**Work instruction:**
Reproduce the entries shown below only from the line with "theory Defs" down to the line with "(\<forall>\<alpha> S. F", keeping both end lines and copying each one exactly.

[Dataset entries]
(* Let $p,q,k$ be nonnegative integers with $q<n$ and $k<n-q+1$. Then there exists a unique homogeneous polynomial $f_{k,p,q}=f_{k,p,q}(\underline{x}^2,\underline{\theta}^2)$ of total degree $k$ in $\underline{x}^2$ and $\underline{\theta}^2$, i.e. $f_{k,p,q}=\sum_{i=0}^k a_i\,\underline{x}^{2k-2i}\underline{\theta}^{2i}$ with $a_i\in\mathbb{R}$, such that $f_{k,p,q}\,\mathcal{H}_p^b\otimes\mathcal{H}_q^f\neq 0$, \[ \Delta\big(f_{k,p,q}\,\mathcal{H}_p^b\otimes\mathcal{H}_q^f\big)=0, \] and the coefficient of $\underline{x}^{2k}$ in $f_{k,p,q}$ equals $\dfrac{(n-q)!}{\Gamma(\frac m2+p+k)}$.
   Context: Let $m,n\ge 0$ be integers. Let $\mathcal{P}=\mathbb{R}[x_1,\dots,x_m]\otimes\Lambda_{2n}$ be the real algebra generated by commuting variables $x_1,\dots,x_m$ and anticommuting (Grassmann) variables $\theta_1,\dots,\theta_{2n}$, with $x_i\theta_j=\theta_jx_i$; $\partial_{\theta_j}$ is the Grassmann derivative. Super Laplace operator: $\Delta=\Delta_b+\Delta_f$ with $\Delta_b=-\sum_{j=1}^m\partial_{x_j}^2$ and $\Delta_f=4\sum_{j=1}^n\partial_{\theta_{2j-1}}\partial_{\theta_{2j}}$. Set $\underline{x}^2=-\sum_{j=1}^m x_j^2$, $\underline{\theta}^2=\sum_{j=1}^n\theta_{2j-1}\theta_{2j}$, with powers $\underline{x}^{2a}=(\underline{x}^2)^a$, $\underline{\theta}^{2a}=(\underline{\theta}^2)^a$. $\mathcal{H}_p^b$ is the space of polynomials in $x_1,\dots,x_m$ homogeneous of degree $p$ annihilated by $\Delta_b$; $\mathcal{H}_q^f$ is the space of elements of $\Lambda_{2n}$ homogeneous of degree $q$ annihilated by $\Delta_f$. For $f\in\mathcal{P}$, $f\,\mathcal{H}_p^b\otimes\mathcal{H}_q^f$ denotes the linear span of all products $f\,h\,g$ with $h\in\mathcal{H}_p^b$, $g\in\mathcal{H}_q^f$. *)

theory Defs
  imports "HOL-Analysis.Analysis"
begin

text \<open>Model of P = R[x_1..x_m] (x) Lambda_{2n}.  An element is a coefficient function
  F alpha S, the coefficient of the basis monomial x^alpha theta_S, where alpha is an exponent
  vector (alpha i = exponent of x_i, i = 1..m) and S a subset of {1..2n}; theta_S denotes the
  product of the theta_s, s in S, in increasing order of indices.\<close>

type_synonym spoly = "(nat \<Rightarrow> nat) \<Rightarrow> nat set \<Rightarrow> real"

definition szero :: spoly where "szero = (\<lambda>_ _. 0)"

definition sone :: spoly where
  "sone = (\<lambda>\<alpha> S. if \<alpha> = (\<lambda>_. 0) \<and> S = {} then 1 else 0)"

definition sp_ok :: "nat \<Rightarrow> nat \<Rightarrow> spoly \<Rightarrow> bool" where
  "sp_ok m n F \<longleftrightarrow> finite {(\<alpha>, S). F \<alpha> S \<noteq> 0} \<and>
     (\<forall>\<alpha> S. F \<alpha> S \<noteq> 0 \<longrightarrow> (\<forall>i. i \<notin> {1..m} \<longrightarrow> \<alpha> i = 0) \<and> S \<subseteq> {1..2*n})"

text \<open>Sign of theta_S theta_T = sgn S T * theta_{S union T} for disjoint S, T.\<close>
definition gsign :: "nat set \<Rightarrow> nat set \<Rightarrow> real" where
  "gsign S T = (-1) ^ card {(s, t). s \<in> S \<and> t \<in> T \<and> t < s}"

definition smul :: "spoly \<Rightarrow> spoly \<Rightarrow> spoly" where
  "smul F G = (\<lambda>\<gamma> U. \<Sum>\<alpha>\<in>{\<alpha>. \<forall>i. \<alpha> i \<le> \<gamma> i}. \<Sum>S\<in>Pow U.
       gsign S (U - S) * F \<alpha> S * G (\<lambda>i. \<gamma> i - \<alpha> i) (U - S))"

fun spow :: "spoly \<Rightarrow> nat \<Rightarrow> spoly" where
  "spow F 0 = sone"
| "spow F (Suc k) = smul F (spow F k)"

definition dx :: "nat \<Rightarrow> spoly \<Rightarrow> spoly" where
  "dx j F = (\<lambda>\<alpha> S. real (\<alpha> j + 1) * F (\<alpha>(j := \<alpha> j + 1)) S)"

**Completed task:**
theory Defs
  imports "HOL-Analysis.Analysis"
begin

text \<open>Model of P = R[x_1..x_m] (x) Lambda_{2n}.  An element is a coefficient function
  F alpha S, the coefficient of the basis monomial x^alpha theta_S, where alpha is an exponent
  vector (alpha i = exponent of x_i, i = 1..m) and S a subset of {1..2n}; theta_S denotes the
  product of the theta_s, s in S, in increasing order of indices.\<close>

type_synonym spoly = "(nat \<Rightarrow> nat) \<Rightarrow> nat set \<Rightarrow> real"

definition szero :: spoly where "szero = (\<lambda>_ _. 0)"

definition sone :: spoly where
  "sone = (\<lambda>\<alpha> S. if \<alpha> = (\<lambda>_. 0) \<and> S = {} then 1 else 0)"

definition sp_ok :: "nat \<Rightarrow> nat \<Rightarrow> spoly \<Rightarrow> bool" where
  "sp_ok m n F \<longleftrightarrow> finite {(\<alpha>, S). F \<alpha> S \<noteq> 0} \<and>
     (\<forall>\<alpha> S. F \<alpha> S \<noteq> 0 \<longrightarrow> (\<forall>i. i \<notin> {1..m} \<longrightarrow> \<alpha> i = 0) \<and> S \<subseteq> {1..2*n})"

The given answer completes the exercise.